(* Let $q=2^m$ and $\mu_{q+1}=\{\delta\in\mathbb{F}_{q^2}:\delta^{q+1}=1\}$. The map $x\mapsto \dfrac{x^q}{1+x^{1+q}}$ is exactly 2-to-1 on $\mathbb{F}_{q^2}^{*}\setminus\mu_{q+1}$: for $s,t\in\mathbb{F}_{q^2}^{*}\setminus\mu_{q+1}$ one has $\frac{s^q}{1+s^{1+q}}=\frac{t^q}{1+t^{1+q}}$ if and only if $t=s$ or $t=s^{-q}$, and these two values are distinct. *)

theory Defs
  imports Main
begin

definition mu :: "nat \<Rightarrow> 'a::field set" where
  "mu n = {d. d ^ n = 1}"

end

theory Submission
  imports Defs "HOL-Number_Theory.Residues"
begin

text \<open>
  The Frobenius power \<open>\<sigma> x = x\<^sup>q\<close> is an involutive automorphism of \<open>GF(q\<^sup>2)\<close>, and
  \<open>\<sigma> x / (1 + x \<sigma> x) = 1 / (x + 1/\<sigma> x)\<close>. So the map is \<open>1/g\<close> with \<open>g x = x + 1/\<sigma> x\<close>,
  and \<open>g\<close> is invariant under the involution \<open>x \<mapsto> 1/\<sigma> x\<close>. Conversely, if \<open>g s = g t\<close> with
  \<open>s \<noteq> t\<close>, applying \<open>\<sigma>\<close> to \<open>s - t = (\<sigma> s - \<sigma> t) / (\<sigma> s \<sigma> t)\<close> forces
  \<open>s \<sigma> s \<cdot> t \<sigma> t = 1\<close>, and then \<open>g s = g t\<close> is linear in \<open>t\<close> with the unique solution
  \<open>t = 1/\<sigma> s\<close>. Characteristic 2 is needed only for additivity of \<open>\<sigma>\<close> and to read
  \<open>1 + x \<sigma> x \<noteq> 0\<close> as \<open>x \<notin> \<mu>\<^sub>q\<^sub>+\<^sub>1\<close>.
\<close>

locale field_involution =
  fixes \<sigma> :: "'a::field \<Rightarrow> 'a"
  assumes add: "\<sigma> (x + y) = \<sigma> x + \<sigma> y"
    and mult: "\<sigma> (x * y) = \<sigma> x * \<sigma> y"
    and involution: "\<sigma> (\<sigma> x) = x"
begin

lemma zero [simp]: "\<sigma> 0 = 0"
proof -
  have "\<sigma> 0 + \<sigma> 0 = \<sigma> 0 + 0"
    using add[of 0 0] by simp
  then show ?thesis
    by (rule add_left_imp_eq)
qed

lemma one [simp]: "\<sigma> 1 = 1"
  using mult[of 1 "\<sigma> 1"] by (simp add: involution)

lemma diff: "\<sigma> (x - y) = \<sigma> x - \<sigma> y"
  using add[of "x - y" y] by simp

lemma eq_0_iff [simp]: "\<sigma> x = 0 \<longleftrightarrow> x = 0"
  by (metis involution zero)

lemma inverse: "\<sigma> (inverse x) = inverse (\<sigma> x)"
proof (cases "x = 0")
  case False
  then have "\<sigma> x * \<sigma> (inverse x) = 1"
    by (simp flip: mult)
  then show ?thesis
    by (simp add: inverse_unique)
qed simp

lemma divide_one_plus_eq_inverse:
  "\<sigma> x / (1 + x * \<sigma> x) = inverse (x + inverse (\<sigma> x))"
proof (cases "x = 0")
  case False
  then show ?thesis
    by (simp add: field_simps)
qed simp

lemma plus_inverse_eq_imp:
  assumes "s \<noteq> 0" "t \<noteq> 0" "1 + s * \<sigma> s \<noteq> 0"
    and eq: "s + inverse (\<sigma> s) = t + inverse (\<sigma> t)"
  shows "t = s \<or> t = inverse (\<sigma> s)"
proof (cases "t = s")
  case False
  have \<sigma>0: "\<sigma> s \<noteq> 0" "\<sigma> t \<noteq> 0"
    using assms(1,2) by simp_all
  have st: "s - t = (\<sigma> s - \<sigma> t) / (\<sigma> s * \<sigma> t)"
    using eq \<sigma>0 by (simp add: field_simps)
  have "\<sigma> s - \<sigma> t = (s - t) / (s * t)"
    using arg_cong[OF st, of \<sigma>] by (simp add: diff mult inverse involution divide_inverse)
  with st have "s - t = (s - t) / (s * \<sigma> s * (t * \<sigma> t))"
    using \<sigma>0 by (simp add: field_simps)
  with False have "s * \<sigma> s * (t * \<sigma> t) = 1"
    by (simp add: eq_divide_eq split: if_splits)
  then have "inverse (\<sigma> t) = t * (s * \<sigma> s)"
    using \<sigma>0 by (simp add: field_simps)
  then have "t * (1 + s * \<sigma> s) = t + inverse (\<sigma> t)"
    by (simp add: algebra_simps)
  also have "\<dots> = s + inverse (\<sigma> s)"
    by (simp add: eq)
  also have "\<dots> = inverse (\<sigma> s) * (1 + s * \<sigma> s)"
    using \<sigma>0 by (simp add: field_simps)
  finally have "t * (1 + s * \<sigma> s) = inverse (\<sigma> s) * (1 + s * \<sigma> s)" .
  then show ?thesis
    using assms(3) by simp
qed simp

lemma plus_inverse_eq_iff:
  assumes "s \<noteq> 0" "t \<noteq> 0" "1 + s * \<sigma> s \<noteq> 0"
  shows "s + inverse (\<sigma> s) = t + inverse (\<sigma> t) \<longleftrightarrow> t = s \<or> t = inverse (\<sigma> s)"
  using plus_inverse_eq_imp[OF assms]
  by (auto simp: inverse involution)

lemma divide_one_plus_eq_iff:
  assumes "s \<noteq> 0" "t \<noteq> 0" "1 + s * \<sigma> s \<noteq> 0"
  shows "\<sigma> s / (1 + s * \<sigma> s) = \<sigma> t / (1 + t * \<sigma> t) \<longleftrightarrow> t = s \<or> t = inverse (\<sigma> s)"
  by (simp add: divide_one_plus_eq_inverse plus_inverse_eq_iff[OF assms])

lemma neq_inverse_conj:
  assumes "s \<noteq> 0" "s * \<sigma> s \<noteq> 1"
  shows "s \<noteq> inverse (\<sigma> s)"
proof
  assume "s = inverse (\<sigma> s)"
  then have "s * \<sigma> s = 1"
    using assms(1) by (metis eq_0_iff left_inverse)
  with assms(2) show False ..
qed

end

text \<open>The library's \<open>finite_field_power_card_eq_same\<close> needs the sort \<open>finite_field\<close>.\<close>

lemma power_card_UNIV_eq_self:
  fixes x :: "'a::{field,finite}"
  shows "x ^ card (UNIV :: 'a set) = x"
proof (cases "x = 0")
  case False
  have "x * (\<Prod>y\<in>UNIV-{0}. x * y) = x ^ card (UNIV :: 'a set) * \<Prod>(UNIV-{0})"
    using finite_UNIV_card_ge_0[where 'a='a]
    by (simp add: prod.distrib mult_ac power_Suc[symmetric])
  also have "(\<Prod>y\<in>UNIV-{0}. x * y) = \<Prod>(UNIV-{0})"
    by (rule prod.reindex_bij_witness[of _ "\<lambda>y. y / x" "\<lambda>y. x * y"]) (use False in auto)
  finally show ?thesis
    by simp
qed (use finite_UNIV_card_ge_0[where 'a='a] in auto)

lemma CHAR_eq_if_card_eq_prime_power:
  assumes "prime p" and "card (UNIV :: 'a::{field,finite} set) = p ^ n"
  shows "CHAR('a) = p"
proof -
  have "prime CHAR('a)"
    by (rule prime_CHAR_semidom) (simp add: finite_imp_CHAR_pos)
  moreover have "CHAR('a) dvd p ^ n"
    using CHAR_dvd_CARD assms(2) by metis
  ultimately show ?thesis
    using assms(1) prime_dvd_power primes_dvd_imp_eq by blast
qed

lemma one_plus_eq_0_iff_CHAR_2:
  assumes "CHAR('a::ring_1) = 2"
  shows "1 + (x :: 'a) = 0 \<longleftrightarrow> x = 1"
  using uminus_CHAR_2[OF assms, of 1] by (auto simp: add_eq_0_iff)

lemma field_involution_Frobenius_power:
  fixes q :: nat
  assumes card: "card (UNIV :: 'a::{field,finite} set) = q ^ 2" and q: "q = CHAR('a) ^ k"
  shows "field_involution (\<lambda>x :: 'a. x ^ q)"
proof
  have "prime CHAR('a)"
    by (rule prime_CHAR_semidom) (simp add: finite_imp_CHAR_pos)
  then show "(x + y) ^ q = x ^ q + y ^ q" for x y :: 'a
    using freshmans_dream' q by blast
  show "(x * y) ^ q = x ^ q * y ^ q" for x y :: 'a
    by (rule power_mult_distrib)
  show "(x ^ q) ^ q = x" for x :: 'a
    using power_card_UNIV_eq_self[of x] card by (simp add: power2_eq_square power_mult)
qed

theorem mainTheorem7:
  fixes m :: nat and q :: nat and s t :: "'a::{field,finite}"
  assumes "q = 2 ^ m"
    and "card (UNIV :: 'a set) = q ^ 2"
    and "s \<noteq> 0" and "s \<notin> mu (q + 1)"
    and "t \<noteq> 0" and "t \<notin> mu (q + 1)"
  shows "(s ^ q / (1 + s ^ (1 + q)) = t ^ q / (1 + t ^ (1 + q))
           \<longleftrightarrow> (t = s \<or> t = inverse (s ^ q)))
         \<and> s \<noteq> inverse (s ^ q)"
proof -
  have char: "CHAR('a) = 2"
    using CHAR_eq_if_card_eq_prime_power[of 2 "m * 2"] assms(1,2) by (simp add: power_mult)
  interpret field_involution "\<lambda>x :: 'a. x ^ q"
    using field_involution_Frobenius_power[where 'a='a, of q m] assms(1,2) char by simp
  have "s * s ^ q \<noteq> 1"
    using assms(4) by (simp add: mu_def)
  moreover from this have "1 + s * s ^ q \<noteq> 0"
    using char by (simp add: one_plus_eq_0_iff_CHAR_2)
  ultimately show ?thesis
    using divide_one_plus_eq_iff[of s t] neq_inverse_conj[of s] assms(3,5) by simp
qed

end
definition pm_deriv_mat :: "nat \<Rightarrow> complex mat" where
  "pm_deriv_mat l = mat l l (\<lambda>(j, k).
     of_bool (j = k - 1) * (of_nat k / 2) + of_bool (j = k) * ((of_nat (l - 1) - 2 * of_nat k) / 2)
     - of_bool (j = k + 1) * ((of_nat (l - 1) - of_nat k) / 2))"

lemma pm_deriv_mat_dims [simp]:
  "pm_deriv_mat l \<in> carrier_mat l l" "dim_row (pm_deriv_mat l) = l" "dim_col (pm_deriv_mat l) = l"
  by (simp_all add: pm_deriv_mat_def)

definition sign_mat :: "nat \<Rightarrow> complex mat" where
  "sign_mat l = mat_diag l (\<lambda>k. (-1) ^ k)"

lemma sign_mat_dims [simp]:
  "sign_mat l \<in> carrier_mat l l" "dim_row (sign_mat l) = l" "dim_col (sign_mat l) = l"
  by (simp_all add: sign_mat_def mat_diag_def)

definition G_tridiag :: "nat \<Rightarrow> complex \<Rightarrow> complex mat" where
  "G_tridiag l T = sign_mat l * (1\<^sub>m l - T \<cdot>\<^sub>m pm_deriv_mat l)"

lemma G_tridiag_dims [simp]:
  "G_tridiag l T \<in> carrier_mat l l" "dim_row (G_tridiag l T) = l" "dim_col (G_tridiag l T) = l"
proof -
  have "1\<^sub>m l - T \<cdot>\<^sub>m pm_deriv_mat l \<in> carrier_mat l l"
    by (rule minus_carrier_mat[OF smult_carrier_mat]) simp
  then show "G_tridiag l T \<in> carrier_mat l l"
    unfolding G_tridiag_def by (rule mult_carrier_mat[OF sign_mat_dims(1)])
  then show "dim_row (G_tridiag l T) = l" "dim_col (G_tridiag l T) = l"
    by auto
qed

lemma index_G_tridiag:
  assumes "i < l" "j < l"
  shows "G_tridiag l T $$ (i, j) = (-1) ^ i * (of_bool (i = j) - T * pm_deriv_mat l $$ (i, j))"
proof -
  have carrier: "1\<^sub>m l - T \<cdot>\<^sub>m pm_deriv_mat l \<in> carrier_mat l l"
    by (simp add: minus_carrier_mat[OF smult_carrier_mat])
  show ?thesis
    unfolding G_tridiag_def sign_mat_def mat_diag_mult_left[OF carrier] using assms by simp
qed

lemma sum_smult_of_bool:
  "(\<Sum>j<l. Polynomial.smult (of_bool (j = m) * c) (p j))
    = (if m < l then Polynomial.smult c (p m) else 0)"
  for c :: complex and l m :: nat
proof -
  have "(\<Sum>j<l. Polynomial.smult (of_bool (j = m) * c) (p j))
      = (\<Sum>j<l. if j = m then Polynomial.smult c (p m) else 0)"
    by (rule sum.cong) auto
  then show ?thesis
    by simp
qed

lemma pderiv_pm_poly_sum:
  assumes "k < l"
  shows "pderiv (pm_poly (l - 1) k)
    = (\<Sum>j<l. Polynomial.smult (pm_deriv_mat l $$ (j, k)) (pm_poly (l - 1) j))"
proof -
  define c1 c2 c3 :: complex
    where "c1 = of_nat k / 2" and "c2 = (of_nat (l - 1) - 2 * of_nat k) / 2"
      and "c3 = (of_nat (l - 1) - of_nat k) / 2"
  let ?p = "pm_poly (l - 1)"
  have "(\<Sum>j<l. Polynomial.smult (pm_deriv_mat l $$ (j, k)) (?p j))
      = (\<Sum>j<l. Polynomial.smult (of_bool (j = k - 1) * c1) (?p j)
          + Polynomial.smult (of_bool (j = k) * c2) (?p j)
          - Polynomial.smult (of_bool (j = k + 1) * c3) (?p j))"
    by (rule sum.cong)
       (use assms in \<open>auto simp: pm_deriv_mat_def c1_def c2_def c3_def smult_add_left
         smult_diff_left\<close>)
  also have "\<dots> = Polynomial.smult c1 (?p (k - 1)) + Polynomial.smult c2 (?p k)
      - (if k + 1 < l then Polynomial.smult c3 (?p (k + 1)) else 0)"
    using assms by (simp add: sum.distrib sum_subtractf sum_smult_of_bool smult_add_left)
  also have "\<dots> = pderiv (?p k)"
  proof (cases "k + 1 < l")
    case False
    then have "l - 1 = k"
      using assms by simp
    then show ?thesis
      using assms False by (simp add: pderiv_pm_poly c1_def c2_def)
  qed (use assms in \<open>simp add: pderiv_pm_poly c1_def c2_def c3_def\<close>)
  finally show ?thesis ..
qed

lemma pm_mat_mult_index:
  assumes "M \<in> carrier_mat l m" "i < l" "k < m"
  shows "(pm_mat l * M) $$ (i, k)
    = coeff (\<Sum>j<l. Polynomial.smult (M $$ (j, k)) (pm_poly (l - 1) j)) i"
  unfolding index_mult_mat_sum[OF pm_mat_dims(1) assms]
  using assms by (auto simp: pm_mat_def coeff_sum atLeast0LessThan mult.commute intro!: sum.cong)

lemma exchange_mat_mult_pm_mat: "exchange_mat l * pm_mat l = pm_mat l * sign_mat l"
  unfolding exchange_mat_mult[OF pm_mat_dims(1)] sign_mat_def mat_diag_mult_right[OF pm_mat_dims(1)]
proof (rule eq_matI)
  fix i k assume "i < dim_row (mat l l (\<lambda>(i, j). pm_mat l $$ (i, j) * (-1) ^ j))"
    "k < dim_col (mat l l (\<lambda>(i, j). pm_mat l $$ (i, j) * (-1) ^ j))"
  then have "i < l" "k < l"
    by simp_all
  then show "mat l l (\<lambda>(i, j). pm_mat l $$ (l - 1 - i, j)) $$ (i, k)
      = mat l l (\<lambda>(i, j). pm_mat l $$ (i, j) * (-1) ^ j) $$ (i, k)"
    using coeff_pm_poly_reverse[of k "l - 1" i] by (simp add: pm_mat_def mult.commute)
qed simp_all

lemma deriv_mat_mult_pm_mat: "deriv_mat l * pm_mat l = pm_mat l * pm_deriv_mat l"
proof (rule eq_matI)
  fix i k assume "i < dim_row (pm_mat l * pm_deriv_mat l)" "k < dim_col (pm_mat l * pm_deriv_mat l)"
  then have ik: "i < l" "k < l"
    by simp_all
  have "(deriv_mat l * pm_mat l) $$ (i, k)
      = (\<Sum>j\<in>{0..<l}. if j = i + 1 then of_nat j * coeff (pm_poly (l - 1) k) j else 0)"
    unfolding index_mult_mat_sum[OF deriv_mat_dims(1) pm_mat_dims(1) ik]
    by (rule sum.cong) (use ik in \<open>auto simp: deriv_mat_def pm_mat_def\<close>)
  also have "\<dots> = coeff (pderiv (pm_poly (l - 1) k)) i"
    using ik by (auto simp: coeff_pderiv coeff_eq_0 degree_pm_poly)
  also have "\<dots> = (pm_mat l * pm_deriv_mat l) $$ (i, k)"
    unfolding pm_mat_mult_index[OF pm_deriv_mat_dims(1) ik] pderiv_pm_poly_sum[OF ik(2)] ..
  finally show "(deriv_mat l * pm_mat l) $$ (i, k) = (pm_mat l * pm_deriv_mat l) $$ (i, k)" .
qed simp_all

lemma G_chart_mult_pm_mat: "G_chart l T * pm_mat l = pm_mat l * G_tridiag l T"
proof -
  let ?J = "exchange_mat l :: complex mat" and ?P = "pm_mat l" and ?D = "pm_deriv_mat l"
  have "(1\<^sub>m l - T \<cdot>\<^sub>m deriv_mat l) * ?P = 1\<^sub>m l * ?P - (T \<cdot>\<^sub>m deriv_mat l) * ?P"
    by (rule minus_mult_distrib_mat) auto
  also have "\<dots> = ?P * 1\<^sub>m l - ?P * (T \<cdot>\<^sub>m ?D)"
    using mult_smult_assoc_mat[of "deriv_mat l" l l ?P l T] mult_smult_distrib[of ?P l l ?D l T]
    by (simp add: deriv_mat_mult_pm_mat)
  also have "\<dots> = ?P * (1\<^sub>m l - T \<cdot>\<^sub>m ?D)"
    by (rule mult_minus_distrib_mat[symmetric]) auto
  finally have "(1\<^sub>m l - T \<cdot>\<^sub>m deriv_mat l) * ?P = ?P * (1\<^sub>m l - T \<cdot>\<^sub>m ?D)" .
  then have "G_chart l T * ?P = (?J * ?P) * (1\<^sub>m l - T \<cdot>\<^sub>m ?D)"
    by (simp add: G_chart_def minus_carrier_mat[OF smult_carrier_mat]
        assoc_mult_mat[of _ l l _ l _ l])
  then show ?thesis
    by (simp add: exchange_mat_mult_pm_mat G_tridiag_def minus_carrier_mat[OF smult_carrier_mat]
        assoc_mult_mat[of _ l l _ l _ l])
qed

lemma det_pm_mat_nonzero: "det (pm_mat l) \<noteq> 0"
proof
  assume "det (pm_mat l) = 0"
  then obtain w where w: "w \<in> carrier_vec l" "w \<noteq> 0\<^sub>v l" "pm_mat l *\<^sub>v w = 0\<^sub>v l"
    using det_0_iff_vec_prod_zero[OF pm_mat_dims(1)] by blast
  define n where "n = l - 1"
  have "l \<noteq> 0"
    using w(1,2) by (auto intro!: eq_vecI)
  then have l: "{..<l} = {..n}"
    by (auto simp: n_def)
  define S where "S = (\<Sum>k\<le>n. Polynomial.smult (w $ k) (pm_poly n k))"
  have "coeff S i = 0" for i
  proof (cases "i < l")
    case True
    have "coeff S i = (pm_mat l *\<^sub>v w) $ i"
      using w(1) True by (auto simp: S_def coeff_sum pm_mat_def scalar_prod_def l n_def
          atLeast0LessThan[symmetric] intro!: sum.cong)
    then show ?thesis
      using w(3) True by simp
  next
    case False
    have "coeff (pm_poly n k) i = 0" if "k \<le> n" for k
      using False that \<open>l \<noteq> 0\<close> by (intro coeff_eq_0) (simp add: degree_pm_poly n_def)
    then show ?thesis
      by (simp add: S_def coeff_sum)
  qed
  then have "S = 0"
    by (intro poly_eqI) simp
  then have "w $ k = 0" if "k < l" for k
    using pm_poly_independent[of "\<lambda>k. w $ k" n k] that l by (auto simp: S_def)
  then show False
    using w(1,2) by (auto intro!: eq_vecI)
qed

◆ Exercise instructions: Everything from the line containing "unfolding exchange_mat_mult[OF pm_mat_dims(1)]" through the line containing "using coeff_pm_poly_reverse[of k" in the material above should be retyped exactly, both ends included, and nothing more.

◆ Solution to the exercise:
  unfolding exchange_mat_mult[OF pm_mat_dims(1)] sign_mat_def mat_diag_mult_right[OF pm_mat_dims(1)]
proof (rule eq_matI)
  fix i k assume "i < dim_row (mat l l (\<lambda>(i, j). pm_mat l $$ (i, j) * (-1) ^ j))"
    "k < dim_col (mat l l (\<lambda>(i, j). pm_mat l $$ (i, j) * (-1) ^ j))"
  then have "i < l" "k < l"
    by simp_all
  then show "mat l l (\<lambda>(i, j). pm_mat l $$ (l - 1 - i, j)) $$ (i, k)
      = mat l l (\<lambda>(i, j). pm_mat l $$ (i, j) * (-1) ^ j) $$ (i, k)"
    using coeff_pm_poly_reverse[of k "l - 1" i] by (simp add: pm_mat_def mult.commute)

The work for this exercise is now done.